ACM训练二C题

kmp对我真无奈，我对kmp真苦恼。就是个算法嘛，我以为凭我脖子上的东西可以搞定，现在好了--搞得我头都大了。要我写个啥next的值，五个字：那都不是事。一到啥实际应用吧，我意识不行了，搞不清next到底有什么作用，能干什么。就好比见到了二分啊--

此题的意思呢，我弄了很久，其实是找相同串，比如ACMACMACMACMACMA，从后往前看next就行了，比如最后一个next[15] = 13，代表前13个字符串和后13位相同，直接用总长16 - 13 = 3，为一个解，接下来看next[13]了，一直这样找出结果，输出时一定注意格式，我交了4次全错在这里。

For each prefix with length P of a given string S,if

S[i]=S[i+P] for i in [0..SIZE(S)-p-1],

then the prefix is a “period” of S. We want to all the periodic prefixs.

Input

Input contains multiple cases.

The first line contains an integer T representing the number of cases. Then following T cases.

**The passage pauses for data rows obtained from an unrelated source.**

lemma alpha2_or_alpha3_if_one_branching:
  assumes "nv V E 3 = 1" "nv V E 4 = 0"
  shows "alpha2 n V E \<or> alpha3 n V E"
proof -
  have zeros: "me E 3 3 = 0" "me E 1 4 = 0" "me E 2 4 = 0" "me E 3 4 = 0" "me E 4 4 = 0"
    using me_diag_le_choose[of 3] degree_counts_by_type(4) assms by (simp_all add: binomial_eq_0)
  have leaf: "me E 1 2 + me E 1 3 = 1" and branch: "me E 1 3 + me E 2 3 = 3"
    using degree_counts_by_type(1,3) leaves_eq assms me_1_1_eq_0 zeros by linarith+
  have edges: "n = me E 1 2 + me E 1 3 + me E 2 2 + me E 2 3"
    using card_edges_by_type card_edges me_1_1_eq_0 zeros by simp
  have vertices: "nv V E 1 = 1" "nv V E 2 = n - 2"
    using order_eq_nv_sum leaves_eq assms by simp_all
  show ?thesis
  proof (cases "me E 1 3 = 1")
    case True
    then have "me E 1 2 = 0" "me E 2 3 = 2" "me E 2 2 = n - 3"
      using leaf branch edges by linarith+
    moreover have "others_zero E {(1, 3), (2, 3), (2, 2)}"
      using zeros me_1_1_eq_0 calculation by (intro others_zeroI) (auto simp: chem_edge_types_def)
    ultimately have "alpha2 n V E"
      using unicyclic assms vertices True by (simp add: alpha2_def)
    then show ?thesis ..
  next
    case False
    then have "me E 1 3 = 0" "me E 1 2 = 1" "me E 2 3 = 3" "me E 2 2 = n - 4"
      using leaf branch edges by linarith+
    moreover have "others_zero E {(1, 2), (2, 3), (2, 2)}"
      using zeros me_1_1_eq_0 calculation by (intro others_zeroI) (auto simp: chem_edge_types_def)
    ultimately have "alpha3 n V E"
      using unicyclic assms vertices by (simp add: alpha3_def)
    then show ?thesis ..
  qed
qed

lemma sombor_gt_alpha9_if_two_branching:
  assumes "nv V E 3 = 2" "nv V E 4 = 0" "\<not> alpha9 n V E"
  shows "real n * sqrt 8 + (2 * sombor_excess 1 2 + 4 * sombor_excess 2 3 + sombor_excess 3 3)
    < sombor E"
proof -
  have zeros: "me E 1 4 = 0" "me E 2 4 = 0" "me E 3 4 = 0" "me E 4 4 = 0"
    using degree_counts_by_type(4) assms(2) by simp_all
  have "me E 3 3 \<le> 1"
    using me_diag_le_choose[of 3] assms(1) by simp
  have leaf: "me E 1 2 + me E 1 3 = 2" and branch: "me E 1 3 + me E 2 3 + 2 * me E 3 3 = 6"
    using degree_counts_by_type(1,3) leaves_eq assms me_1_1_eq_0 zeros by linarith+
  have leaf_at_branch: "me E 1 3 \<noteq> 0" if "me E 3 3 = 1"
  proof
    assume "me E 1 3 = 0"
    then have "me E 1 2 = 2" "me E 2 3 = 4" "me E 2 2 = n - 7"
      using that leaf branch card_edges_by_type card_edges me_1_1_eq_0 zeros by linarith+
    moreover have "others_zero E {(1, 2), (2, 3), (3, 3), (2, 2)}"
      using zeros me_1_1_eq_0 \<open>me E 1 3 = 0\<close> by (intro others_zeroI) (auto simp: chem_edge_types_def)
    moreover have "nv V E 1 = 2" "nv V E 2 = n - 4"
      using order_eq_nv_sum leaves_eq assms by simp_all
    ultimately have "alpha9 n V E"
      using unicyclic assms that by (simp add: alpha9_def)
    then show False
      using assms(3) by contradiction
  qed
  let ?k = "real (me E 1 3)" and ?c = "real (me E 3 3)"
  have "real (me E 1 2) = 2 - ?k" "real (me E 2 3) = 6 - ?k - 2 * ?c"
    using leaf branch by linarith+
  then have "sombor E = real n * sqrt 8 + (2 - ?k) * sombor_excess 1 2 + ?k * sombor_excess 1 3
      + (6 - ?k - 2 * ?c) * sombor_excess 2 3 + ?c * sombor_excess 3 3"
    using sombor_eq zeros by simp
  then have "sombor E - (real n * sqrt 8 + (2 * sombor_excess 1 2 + 4 * sombor_excess 2 3 + sombor_excess 3 3))
      = (1 - ?c) * (2 * sombor_excess 2 3 - sombor_excess 3 3)
        + ?k * (sombor_excess 1 3 - sombor_excess 1 2 - sombor_excess 2 3)"
    by (simp add: algebra_simps)
  moreover have "0 < (1 - ?c) * (2 * sombor_excess 2 3 - sombor_excess 3 3)
      + ?k * (sombor_excess 1 3 - sombor_excess 1 2 - sombor_excess 2 3)"
  proof (cases "me E 3 3 = 0")
    case True
    then show ?thesis
      using sombor_excess_comparisons(2,4) by (simp add: add_pos_nonneg)
  next
    case False
    then have "me E 3 3 = 1" "0 < me E 1 3"
      using \<open>me E 3 3 \<le> 1\<close> leaf_at_branch by auto
    then show ?thesis
      using sombor_excess_comparisons(2) by simp
  qed
  ultimately show ?thesis
    by linarith
qed

lemma sombor_gt_alpha9:
  assumes "\<not> alpha1 n V E" "\<not> alpha2 n V E" "\<not> alpha3 n V E" "\<not> alpha9 n V E"
  shows "real n * sqrt 8 + (2 * sombor_excess 1 2 + 4 * sombor_excess 2 3 + sombor_excess 3 3)
    < sombor E"
proof -
  consider "1 \<le> nv V E 4 \<or> 3 \<le> nv V E 3" | "nv V E 3 = 0" "nv V E 4 = 0"
    | "nv V E 3 = 1" "nv V E 4 = 0" | "nv V E 3 = 2" "nv V E 4 = 0"
    by linarith
  then show ?thesis
  proof cases
    case 1
    then have "22/5 \<le> 3/2 * real (nv V E 3) + 22/5 * real (nv V E 4)"
      by auto
    then show ?thesis
      using sombor_lower_bound sombor_excess_comparisons(5) by linarith
  next
    case 2
    then show ?thesis
      using alpha1_if_no_branching assms(1) by blast
  next
    case 3
    then show ?thesis
      using alpha2_or_alpha3_if_one_branching assms(2,3) by blast
  next
    case 4
    then show ?thesis
      using sombor_gt_alpha9_if_two_branching assms(4) by blast
  qed
qed

end

theorem theorem3p6:
  fixes n :: nat
    and V1 V2 V3 V4 V :: "'a set"
    and E1 E2 E3 E4 E :: "'a set set"
  assumes "n \<ge> 7"
    and "alpha1 n V1 E1"
    and "alpha3 n V2 E2"
    and "alpha2 n V3 E3"
    and "alpha9 n V4 E4"
    and "chem_unicyclic n V E"
    and "\<not> alpha1 n V E" and "\<not> alpha2 n V E" and "\<not> alpha3 n V E" and "\<not> alpha9 n V E"
  shows "sombor E1 < sombor E2 \<and> sombor E2 < sombor E3 \<and> sombor E3 < sombor E4
         \<and> sombor E4 < sombor E"
proof -
  interpret chemical_unicyclic_graph n V E
    using assms(1,6) by unfold_locales simp_all
  have "sombor E1 = real n * sqrt 8"
    using assms(2) by (rule sombor_alpha1)
  moreover have "sombor E2 = real n * sqrt 8 + (sombor_excess 1 2 + 3 * sombor_excess 2 3)"
    using assms(3) by (rule sombor_alpha3)
  moreover have "sombor E3 = real n * sqrt 8 + (sombor_excess 1 3 + 2 * sombor_excess 2 3)"
    using assms(4) by (rule sombor_alpha2)
  moreover have "sombor E4 =
      real n * sqrt 8 + (2 * sombor_excess 1 2 + 4 * sombor_excess 2 3 + sombor_excess 3 3)"
    using assms(5) by (rule sombor_alpha9)
  moreover have "real n * sqrt 8 + (2 * sombor_excess 1 2 + 4 * sombor_excess 2 3 + sombor_excess 3 3)
      < sombor E"
    using assms(7-10) by (rule sombor_gt_alpha9)
  ultimately show ?thesis
    using sombor_excess_comparisons(1-3) by linarith
qed

end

Each test case contains a string S (1 <= SIZE(S) <= 1000000),represents the title.S consists of lowercase ,uppercase letter.

Output

For each test case, first output one line containing "Case #x: y", where x is the case number (starting from 1) and y is the number of periodic prefixs.Then output the lengths of the periodic prefixs in ascending order.

Sample Input

4
ooo
acmacmacmacmacma
fzufzufzuf
stostootssto

Sample Output

Case #1: 3
1 2 3
Case #2: 6
3 6 9 12 15 16
Case #3: 4
3 6 9 10
Case #4: 2
9 12

#include <iostream>
#include<cstring>
using namespace std;

int a[1000100],next[1000100];
int m;
char s[1000100];
void getNext()
{
    int j;
    next[0] = 0; next[1] = 0;
    for(int i = 1;i < m;i++)
    {
        j = next[i];
        while(j && s[i]!=s[j])
        {
            j = next[j];
        }

        next[i+1] = s[i] == s[j]?j+1:0;

    }
}

int main()
{
    int n,count,where = 1;
    cin >> n;
    while(n--)
    {

        cin >> s;
        m = strlen(s);
               // cout<< m;
        count = 0;
        int t = m;
        getNext();

        while(next[m])
        {
            a[count++] = t - next[m];
            m = next[m];
        }



        cout << "Case #" << where <<": " << count+1 << endl;

        where++;
        for(int i = 0;i < count ;i++)
        {

            cout << a[i] << " ";
        }
        cout <<t << endl;
    }
    return 0;
}